» **Required work**: Repeat exactly the opening lines of the records, ending with the line that contains "C) (\<lambda>j. s".

» **Collected data**:
▬▬▬

lemma msum_kron_proj_right_index:
  assumes A: "\<And>j. j < C \<Longrightarrow> A j \<in> carrier_mat B B"
    and b: "b < B" "b' < B" and c: "c < C" "c' < C"
  shows "msum (B * C) (B * C) (\<lambda>j. s j \<cdot>\<^sub>m kron (A j) (proj C j)) {..<C} $$ (b * C + c, b' * C + c')
    = (if c = c' then s c * A c $$ (b, b') else 0)"
proof -
  have "b * C + c < B * C" "b' * C + c' < B * C" using mult_add_less_mult b c by auto
  moreover have "(s j \<cdot>\<^sub>m kron (A j) (proj C j)) $$ (b * C + c, b' * C + c')
      = (s j * A j $$ (b, b')) * (if c = j \<and> c' = j then 1 else 0)" if "j < C" for j
    using A[OF that] that b c mult_add_less_mult[OF b(1) c(1)] mult_add_less_mult[OF b(2) c(2)]
    by (simp add: kron_index_mult_add[OF A[OF that] proj_carrier b c] kron_index(2,3))
  ultimately show ?thesis by (simp add: sum_mult_if_both_eq[OF c(1)])
qed

lemma msum_kron_proj_left_index:
  assumes A: "\<And>j. j < n \<Longrightarrow> A j \<in> carrier_mat M M"
    and x: "x < n" "x' < n" and i: "i < M" "i' < M"
  shows "msum (n * M) (n * M) (\<lambda>j. s j \<cdot>\<^sub>m kron (proj n j) (A j)) {..<n} $$ (x * M + i, x' * M + i')
    = (if x = x' then s x * A x $$ (i, i') else 0)"
proof -
  have "x * M + i < n * M" "x' * M + i' < n * M" using mult_add_less_mult x i by auto
  moreover have "(s j \<cdot>\<^sub>m kron (proj n j) (A j)) $$ (x * M + i, x' * M + i')
      = (s j * A j $$ (i, i')) * (if x = j \<and> x' = j then 1 else 0)" if "j < n" for j
    using A[OF that] that x i mult_add_less_mult[OF x(1) i(1)] mult_add_less_mult[OF x(2) i(2)]
    by (simp add: kron_index_mult_add[OF proj_carrier A[OF that] x i] kron_index(2,3))
  ultimately show ?thesis by (simp add: sum_mult_if_both_eq[OF x(1)])
qed
definition pair_weight :: "nat \<Rightarrow> bool list \<Rightarrow> real" where
  "pair_weight q l = (\<Prod>i<q. if l ! (3 * i) = l ! (3 * i + 1) then 1 / 4 else 0)"

lemma pair_weight_nonneg: "0 \<le> pair_weight q l"
  unfolding pair_weight_def by (intro prod_nonneg) auto

lemma pair_weight_pos_iff: "0 < pair_weight q l \<longleftrightarrow> (\<forall>i<q. l ! (3 * i) = l ! (3 * i + 1))"
  unfolding pair_weight_def by (auto simp: prod_pos prod_zero_iff order_less_le)

lemma pair_weight_Cons3:
  "pair_weight (Suc q) (a # b # c # l) = (if a = b then 1 / 4 else 0) * pair_weight q l"
proof -
  have "(a # b # c # l) ! (3 * Suc i) = l ! (3 * i)" "(a # b # c # l) ! (3 * Suc i + 1) = l ! (3 * i + 1)"
    for i
    by (simp_all add: numeral_3_eq_3)
  then show ?thesis
    unfolding pair_weight_def by (simp del: prod.lessThan_Suc add: prod.lessThan_Suc_shift)
qed

lemma sum_pair_weight: "(\<Sum>l\<in>bitstrings (3 * q). pair_weight q l) = 1"
proof (induction q)
  case 0
  then show ?case by (simp add: pair_weight_def bitstrings_def)
next
  case (Suc q)
  have "3 * Suc q = Suc (Suc (Suc (3 * q)))"
    by simp
  then have "(\<Sum>l\<in>bitstrings (3 * Suc q). pair_weight (Suc q) l) = (\<Sum>l\<in>bitstrings (3 * q). pair_weight q l)"
    by (simp only: sum_bitstrings_Suc sum.distrib[symmetric] pair_weight_Cons3) simp
  then show ?case
    using Suc.IH by simp
qed
text \<open>A second edge from W to w would close a cycle through the roots of its endpoints.\<close>
lemma induced_edges_insert_crossing:
  assumes rf: "rooted_forest VF EF Rt" and W: "root_connected EF Rt W"
    and uw: "{u, w} \<in> EF" "u \<in> W" "w \<notin> W"
  shows "induced_edges EF (insert w W) = insert {u, w} (induced_edges EF W)"
proof (intro equalityI subsetI)
  let ?F = "induced_edges EF W"
  fix e assume e: "e \<in> induced_edges EF (insert w W)"
  show "e \<in> insert {u, w} ?F"
  proof (cases "e \<subseteq> W")
    case False
    then have "w \<in> e" "e \<in> EF" "e \<subseteq> insert w W" using e by (auto simp: induced_edges_def)
    obtain a b where ab: "e = {a, b}" "a \<noteq> b"
      using rooted_forestD(4)[OF rf \<open>e \<in> EF\<close>] by (auto simp: card_2_iff)
    then have "e = {a, w} \<and> a \<noteq> w \<or> e = {b, w} \<and> b \<noteq> w" using \<open>w \<in> e\<close> by auto
    then obtain u' where "e = {u', w}" "u' \<noteq> w" by blast
    then have u': "e = {u', w}" "u' \<in> W" using \<open>e \<subseteq> insert w W\<close> by auto
    have "u' = u"
    proof (rule ccontr)
      assume "u' \<noteq> u"
      obtain r where r: "r \<in> Rt" "connected_in ?F u r"
        using W uw(2) unfolding root_connected_def by blast
      obtain r' where r': "r' \<in> Rt" "connected_in ?F u' r'"
        using W u'(2) unfolding root_connected_def by blast
      have "connected_in EF u r" "connected_in EF u' r'"
        using connected_in_mono[OF induced_edges_subset r(2)]
          connected_in_mono[OF induced_edges_subset r'(2)] .
      moreover have "{w, u'} \<in> EF" using u'(1) \<open>e \<in> EF\<close> by (simp add: insert_commute)
      ultimately have "connected_in EF r r'"
        using connected_in_edge[OF uw(1)] connected_in_edge[of w u' EF]
        by (meson connected_in_sym connected_in_trans)
      then have "r = r'" by (rule rooted_forest_roots_eq[OF rf r(1) r'(1)])
      then have "connected_in ?F r u'" using connected_in_sym[OF r'(2)] by simp
      then have "connected_in ?F u u'" by (rule connected_in_trans[OF r(2)])
      then have "\<exists>xs. is_cycle EF xs"
        using is_cycle_through_outside_vertex[OF uw(1) _ uw(2,3)] u' \<open>e \<in> EF\<close> \<open>u' \<noteq> u\<close>
        by blast
      then show False using rooted_forestD(1)[OF rf] by (simp add: forest_def)
    qed
    then show ?thesis using u' by simp
  qed (use e in \<open>auto simp: induced_edges_def\<close>)
qed (use uw in \<open>auto simp: induced_edges_def\<close>)

definition partial_copy :: "'a set \<Rightarrow> 'a set set \<Rightarrow> 'a set \<Rightarrow> ('a \<Rightarrow> 'b) \<Rightarrow> 'b set
    \<Rightarrow> 'a set \<Rightarrow> ('a \<Rightarrow> 'b) \<Rightarrow> 'b set set \<Rightarrow> bool" where
  "partial_copy VF EF Rt \<rho> VB W \<phi> R \<longleftrightarrow>
     root_connected EF Rt W \<and> W \<subseteq> VF \<and> inj_on \<phi> W \<and> \<phi> ` W \<subseteq> VB \<and>
     (\<forall>r\<in>Rt. \<phi> r = \<rho> r) \<and> R = (\<lambda>e. \<phi> ` e) ` induced_edges EF W"

lemma partial_copy_roots:
  assumes "rooted_forest VF EF Rt" "inj_on \<rho> Rt" "\<rho> ` Rt \<subseteq> VB"
  shows "partial_copy VF EF Rt \<rho> VB Rt \<rho> {}"
  using assms rooted_forestD(3)[OF assms(1)] induced_edges_roots[OF assms(1)] root_connected_roots
  by (simp add: partial_copy_def)

lemma partial_copy_extend:
  assumes rf: "rooted_forest VF EF Rt" and pc: "partial_copy VF EF Rt \<rho> VB W \<phi> R"
    and uw: "{u, w} \<in> EF" "u \<in> W" "w \<notin> W" and x: "x \<in> VB" "x \<notin> \<phi> ` W"
  shows "partial_copy VF EF Rt \<rho> VB (insert w W) (\<phi>(w := x)) (insert {\<phi> u, x} R)"
proof -
  have W: "root_connected EF Rt W" "W \<subseteq> VF" "inj_on \<phi> W" "\<phi> ` W \<subseteq> VB"
    "\<forall>r\<in>Rt. \<phi> r = \<rho> r" "R = (\<lambda>e. \<phi> ` e) ` induced_edges EF W"
    using pc by (simp_all add: partial_copy_def)
  have "w \<in> VF" "u \<noteq> w" using rooted_forestD(4)[OF rf uw(1)] by auto
  have same: "\<phi>(w := x) ` e = \<phi> ` e" if "e \<subseteq> W" for e
    using that uw(3) by (auto simp: fun_upd_image)
  have "(\<lambda>e. \<phi>(w := x) ` e) ` induced_edges EF W = R"
    unfolding W(6) by (rule image_cong[OF refl same]) (simp add: induced_edges_def)
  moreover have "\<phi>(w := x) ` {u, w} = {\<phi> u, x}" using \<open>u \<noteq> w\<close> by simp
  ultimately have red: "insert {\<phi> u, x} R = (\<lambda>e. \<phi>(w := x) ` e) ` induced_edges EF (insert w W)"
    by (simp add: induced_edges_insert_crossing[OF rf W(1) uw])
  have inj: "inj_on (\<phi>(w := x)) (insert w W)"
  proof (rule inj_on_insert[THEN iffD2], intro conjI)
    show "inj_on (\<phi>(w := x)) W" by (rule inj_on_fun_updI[OF W(3) x(2)])
    show "(\<phi>(w := x)) w \<notin> \<phi>(w := x) ` (W - {w})" using x(2) by auto
  qed
  have img: "\<phi>(w := x) ` insert w W \<subseteq> VB" using W(4) x(1) uw(3) by auto
  have roots: "\<forall>r\<in>Rt. (\<phi>(w := x)) r = \<rho> r"
    using W(1,5) uw(3) by (auto simp: root_connected_def)
  show ?thesis
    unfolding partial_copy_def
  proof (intro conjI)
    show "insert w W \<subseteq> VF" using W(2) \<open>w \<in> VF\<close> by simp
  qed (fact root_connected_insert[OF W(1) uw(1,2)] inj img roots red)+
qed

text \<open>ctr e is the forest vertex at whose image the blue edge e was offered, and far e
  is its other endpoint, which was unused at that moment; F holds the forest edges embedded
  so far, one per round.\<close>
definition blue_stars :: "'a set \<Rightarrow> ('a \<Rightarrow> 'b) \<Rightarrow> 'a set set \<Rightarrow> 'b set \<Rightarrow> 'b set set
    \<Rightarrow> ('b set \<Rightarrow> 'a) \<Rightarrow> ('b set \<Rightarrow> 'b) \<Rightarrow> bool" where
  "blue_stars C \<phi> F VB Bl ctr far \<longleftrightarrow>
     finite Bl \<and> card Bl = card F \<and> inj_on far Bl \<and>
     (\<forall>e\<in>Bl. {\<phi> (ctr e), far e} = e \<and> ctr e \<in> C \<and> far e \<in> VB) \<and>
     (\<forall>v. card {e \<in> Bl. ctr e = v} \<le> degree F v)"

lemma blue_stars_empty: "blue_stars C \<phi> {} VB {} ctr far"
  by (simp add: blue_stars_def)

lemma blue_stars_not_mem:
  assumes "blue_stars C \<phi> F VB Bl ctr far" "z \<notin> \<phi> ` C" "z \<notin> far ` Bl" "z \<in> e"
  shows "e \<notin> Bl"
proof
  assume "e \<in> Bl"
  then have "{\<phi> (ctr e), far e} = e" "ctr e \<in> C" using assms(1) by (auto simp: blue_stars_def)
  then have "z \<in> {\<phi> (ctr e), far e}" using assms(4) by simp
  then show False using assms(2,3) \<open>e \<in> Bl\<close> \<open>ctr e \<in> C\<close> by auto
qed

lemma blue_stars_extend:
  assumes bs: "blue_stars C \<phi> F VB Bl ctr far"
    and C: "C \<subseteq> C'" "\<forall>v\<in>C. \<phi>' v = \<phi> v" "u \<in> C'"
    and F: "finite F" "f \<notin> F" "u \<in> f"
    and y: "y \<in> VB" "y \<notin> \<phi> ` C" "y \<notin> far ` Bl"
  defines "b \<equiv> {\<phi>' u, y}"
  shows "blue_stars C' \<phi>' (insert f F) VB (insert b Bl) (ctr(b := u)) (far(b := y))"
proof -
  have B: "finite Bl" "card Bl = card F" "inj_on far Bl"
    "\<forall>e\<in>Bl. {\<phi> (ctr e), far e} = e \<and> ctr e \<in> C \<and> far e \<in> VB"
    "\<forall>v. card {e \<in> Bl. ctr e = v} \<le> degree F v"
    using bs by (simp_all add: blue_stars_def)
  have "b \<notin> Bl" using blue_stars_not_mem[OF bs y(2,3)] by (simp add: b_def)
  have "card (insert b Bl) = card (insert f F)" using B(1,2) F(1,2) \<open>b \<notin> Bl\<close> by simp
  moreover have "inj_on (far(b := y)) (insert b Bl)"
    using B(3) y(3) \<open>b \<notin> Bl\<close> by (auto simp: inj_on_def)
  moreover have "\<forall>e\<in>insert b Bl. e = {\<phi>' ((ctr(b := u)) e), (far(b := y)) e} \<and>
      (ctr(b := u)) e \<in> C' \<and> (far(b := y)) e \<in> VB"
  proof
    fix e assume "e \<in> insert b Bl"
    then consider "e = b" | "e \<in> Bl" "e \<noteq> b" by blast
    then show "e = {\<phi>' ((ctr(b := u)) e), (far(b := y)) e} \<and>
      (ctr(b := u)) e \<in> C' \<and> (far(b := y)) e \<in> VB"
    proof cases
      case 2
      then show ?thesis using B(4) C(1,2) by auto
    qed (use C(3) y(1) b_def in auto)
  qed
  moreover have "card {e \<in> insert b Bl. (ctr(b := u)) e = v} \<le> degree (insert f F) v" for v
  proof -
    have "{e \<in> insert b Bl. (ctr(b := u)) e = v} =
        (if v = u then insert b {e \<in> Bl. ctr e = v} else {e \<in> Bl. ctr e = v})"
      using \<open>b \<notin> Bl\<close> by auto
    then show ?thesis
      using B(1,5) \<open>b \<notin> Bl\<close> degree_insert[OF F(1,2)] F(3) by (simp add: le_SucI)
  qed
  ultimately show ?thesis unfolding blue_stars_def using B(1) by blast
qed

▬▬▬

» **Worked solution**:
lemma msum_kron_proj_right_index:
  assumes A: "\<And>j. j < C \<Longrightarrow> A j \<in> carrier_mat B B"
    and b: "b < B" "b' < B" and c: "c < C" "c' < C"
  shows "msum (B * C) (B * C) (\<lambda>j. s j \<cdot>\<^sub>m kron (A j) (proj C j)) {..<C} $$ (b * C + c, b' * C + c')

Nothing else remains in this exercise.